- Born: Robert Donald Deyber, Jr. August 13, 1955 Greenwich, Connecticut, US
- Died: September 20, 2021 (aged 66) Roxbury, Connecticut, US
- Other name: Bob Deyber
- Occupation: Painter
- Years active: 1965 - 2021
- Height: 6 ft 3 in (191 cm)
- Spouse: Robert Graham
- Website: robertdeyber.com

= Robert Deyber =

American artist (1955–2021)

Robert Deyber (August 13, 1955 - September 20, 2021) was an American artist best known for literal visual portrayals of cliches, euphemisms, and idioms from the English and other languages. The San Francisco Examiner in 2009 described him as a "pop surrealist" whose style "has appeal for new as well as experienced collectors."

His work relates to that of Thomas Cole and Frederic Church of the Hudson River School, surrealists like Salvador Dalí and René Magritte, naive painter Henri Rousseau, the colorists Henri Matisse and Marc Chagall, and Andy Warhol.

Deyber painted his own scenes from the prose that peppers the English lexicon. His works range from literal translations of fanciful sayings to kitschy depictions of everyday terminology.

==Early life==
Robert grew up in Greenwich, Connecticut, his mother Janice (1925–1971) a talented portrait artist and fashion model who died when Deyber was sixteen, his father Robert Deyber Sr (1914–1989), a real estate broker and POW, survivor of the Bataan Death March.

Deyber began painting and drawing in his teens, and continued to develop a style that was original and surreal, drawing inspiration from the cultures that surrounded him as he lived in various parts of the country, from New York City to San Francisco. Deyber eventually wound up in Perugia and Milan, Italy where he studied and observed the works of Giotto di Bondone and other Italian painters.

His early work from the 1980s and 1990s involves work that he describes as neo-surrealism or surreal American mythology. While he continued to develop and show his work, he was an executive in the airline industry, which allowed him to travel all over the world, exposing himself to art in many museums. He continued for twenty years to exhibit his work in the Boston area.

==Later activities==
After leaving the airline industry in 2001, Deyber moved to Atlanta, Georgia to be closer to his siblings.
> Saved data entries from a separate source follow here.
(* Assume the setting in the context with Assumptions (A1), (A2), (A3). For any $z\in\mathcal X$, $\min_{x\in X}\max_{y\in\mathcal Y}\hat f_r(x,y;z)=\max_{y\in\mathcal Y}\min_{x\in X}\hat f_r(x,y;z)$; hence $P(z)=\min_{x\in X}\Phi(x;z)=\max_{y\in\mathcal Y}\Psi_r(y;z)$.
   Context: $\mathcal X=\mathbb R^{d_1\times r}$ (Frobenius norm), $\mathcal Y=\mathbb R^{d_2}$, $\mathcal M=\{x:x^\top x=I_r\}$, $c(x)=x^\top x-I_r$, $A(x)=x(\frac32I_r-\frac12x^\top x)$; $C>\frac12+\sup_{x\in\mathcal M}\|x\|$, $X=\{x:\|x\|\le C\}$, $\bar X=\{A(x):\|x\|\le C\}$. $\partial$ is the Fréchet subdifferential. (A1) $h:\mathcal Y\to\mathbb R\cup\{+\infty\}$ proper, closed, $\zeta$-weakly convex ($h+\frac\zeta2\|\cdot\|^2$ convex), closed domain $Y$, locally Lipschitz on $Y$, $Y$ bounded. (A2) $f$ differentiable on an open set containing $\bar X\times Y$ with $\|\nabla_xf(x_1,y_1)-\nabla_xf(x_2,y_2)\|\le L_{xx}\|x_1-x_2\|+L_{xy}\|y_1-y_2\|$, $\|\nabla_yf(x_1,y_1)-\nabla_yf(x_2,y_2)\|\le L_{yx}\|x_1-x_2\|+L_{yy}\|y_1-y_2\|$ on $\bar X\times Y$. (A3) With $f_r=f-h$, there is $\mu>0$ with $\max_wf_r(x,w)-f_r(x,y)\le\frac1{2\mu}\mathrm{dist}^2(0,-\nabla_yf(x,y)+\partial h(y))$ for all $x\in\bar X,y\in Y$. For $\rho>0$: $\tilde f(x,y)=f(A(x),y)+\frac\rho4\|c(x)\|^2$, $\tilde f_r=\tilde f-h$; $l$ is the (blockwise) Lipschitz constant of $\nabla\tilde f$ on $X\times Y$; standing choice $p>l$. For $x\in X,y\in Y,z\in\mathcal X$: $\hat f(x,y;z)=\tilde f(x,y)+\frac p2\|x-z\|^2$, $\hat f_r=\hat f-h$, $\Phi(x;z)=\max_{y\in\mathcal Y}\hat f_r(x,y;z)$, $\Psi_r(y;z)=\min_{x\in X}\hat f(x,y;z)-h(y)$, $P(z)=\min_{x\in X}\max_{y\in\mathcal Y}\hat f_r(x,y;z)$. *)

theory Defs
  imports "HOL-Analysis.Analysis" "HOL-Library.Extended_Real"
begin

text \<open>Matrices in R^(d1 x r) are rendered as real^'r^'d1 (rows indexed by 'd1);
the Euclidean norm on this type is the Frobenius norm and the inner product is
the Frobenius inner product.\<close>

definition cmap :: "real^'r^'d \<Rightarrow> real^'r^'r" where
  "cmap x = transpose x ** x - mat 1"
(* Let $b_s$ be a finite bridge and let $V$ be a uniform random variable on $[0,1]$ independent of $b_s$. Let $(H_i)$ be the (finitely many) holes of $b_s$ and $H=\bigcup_iH_i$. Then there exists a uniform random variable $U$ on $[0,1]$ such that $U<\mathscr{D}(b_s)$ if and only if $V\notin H$.
   Context: For $s=(s_i)$ with $s_1\ge s_2\ge\dots\ge0$, $\sum_i s_i\le1$, $s_0=1-\sum_is_i$, and i.i.d. uniform $(U_i)$ independent of $s$, the $s$-bridge is $b_s(y)=s_0y+\sum_is_i\mathbf{1}\{U_i\le y\}$; it is a finite bridge if only finitely many $s_i$ are nonzero. A hole of a finite bridge $b_s$ is a maximal connected component of $[0,1]\setminus b_s([0,1])$ (a half-open interval). $\mathscr{D}(b_s)$ is the dust $1-\sum_B\mathrm{freq}(B)$ of the exchangeable paintbox partition $\{i\sim j\iff b_s^{-1}(V_i)=b_s^{-1}(V_j)\}$, where $(V_i)$ are i.i.d. uniform independent of everything, $b_s^{-1}(y)=\inf\{z:b_s(z)>y\}$, and $\mathrm{freq}(B)=\lim_k|B\cap\{1,\dots,k\}|/k$. *)

theory Defs
  imports "HOL-Probability.Probability"
begin

text \<open>A ranked mass partition s = (s_1, s_2, ...) is represented by s :: nat => real,
  with s 0 standing for s_1, s 1 for s_2, etc.  Finite bridges: only finitely many
  nonzero entries.\<close>

definition finite_ranked_partition :: "(nat \<Rightarrow> real) \<Rightarrow> bool" where
  "finite_ranked_partition s \<longleftrightarrow>
     (\<forall>i. s (Suc i) \<le> s i) \<and> (\<forall>i. 0 \<le> s i) \<and>
     finite {i. s i \<noteq> 0} \<and> (\<Sum>i\<in>{i. s i \<noteq> 0}. s i) \<le> 1"

definition s0 :: "(nat \<Rightarrow> real) \<Rightarrow> real" where
  "s0 s = 1 - (\<Sum>i\<in>{i. s i \<noteq> 0}. s i)"

definition bridge :: "(nat \<Rightarrow> real) \<Rightarrow> (nat \<Rightarrow> real) \<Rightarrow> real \<Rightarrow> real" where
  "bridge s u y = s0 s * y + (\<Sum>i\<in>{i. s i \<noteq> 0}. s i * indicator {u i..} y)"

definition holes :: "(real \<Rightarrow> real) \<Rightarrow> real set set" where
  "holes f = {connected_component_set ({0..1} - f ` {0..1}) x | x. x \<in> {0..1} - f ` {0..1}}"

definition hole_union :: "(real \<Rightarrow> real) \<Rightarrow> real set" where
  "hole_union f = \<Union>(holes f)"

definition binv :: "(real \<Rightarrow> real) \<Rightarrow> real \<Rightarrow> real" where
  "binv f y = Inf {z\<in>{0..1}. f z > y}"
It was at that time that he began to focus on his artistic career and began exhibiting his work in the surrounding areas. With much success, his work began to grow in popularity, and he soon was represented in many surrounding and distant states.

By 2004, Deyber had been selling works around the world and had collectors in 27 countries. At the time he was self-published and selling original paintings and prints through many galleries across the country and was routinely featured in the Artful Home catalog. He opened a contemporary fine-art gallery in Roswell, Georgia, "Iridium Gallery", which featured his own works and those of about a dozen other artists. He later sold the gallery and began selling works directly from his studio and website and other larger galleries in the Atlanta area.

After singer-songwriter Tom Petty and his wife Dana began collecting his work, Petty commissioned Deyber for the artwork of his album Highway Companion, which was released in 2006.

In March 2006, Deyber exhibited his work at the New York International Art Expo, gaining significant attention for his work and gathering dozens of galleries to represent his work. After meeting the owner of Chalk & Vermilion at the Expo, Robert has been exclusively represented by the firm and its network of galleries across the country, Martin Lawrence Galleries.

In 2008, Deyber moved back to Connecticut, settling in Litchfield. then New Milford and finally in Roxbury, CT.

While Deyber's preferred medium of artistic expression was painting, he did produce some three-dimensional sculpture pieces and had many sketches and plans for installation work.

==Death==
Deyber, 66, died on September 20, 2021, at home in Roxbury, CT of suicide by asphyxiation. Deyber's declining health, especially degenerative spinal disease causing intolerable back pain, combined with rapidly worsening depression and anxiety, were factors, having lasted for decades. Deyber wrote in deep regret that he had reached the point where he could no longer continue.

==Primary sources==
- Deyber, Robert. "A Language All His Own". Jenkintown Press, 2008.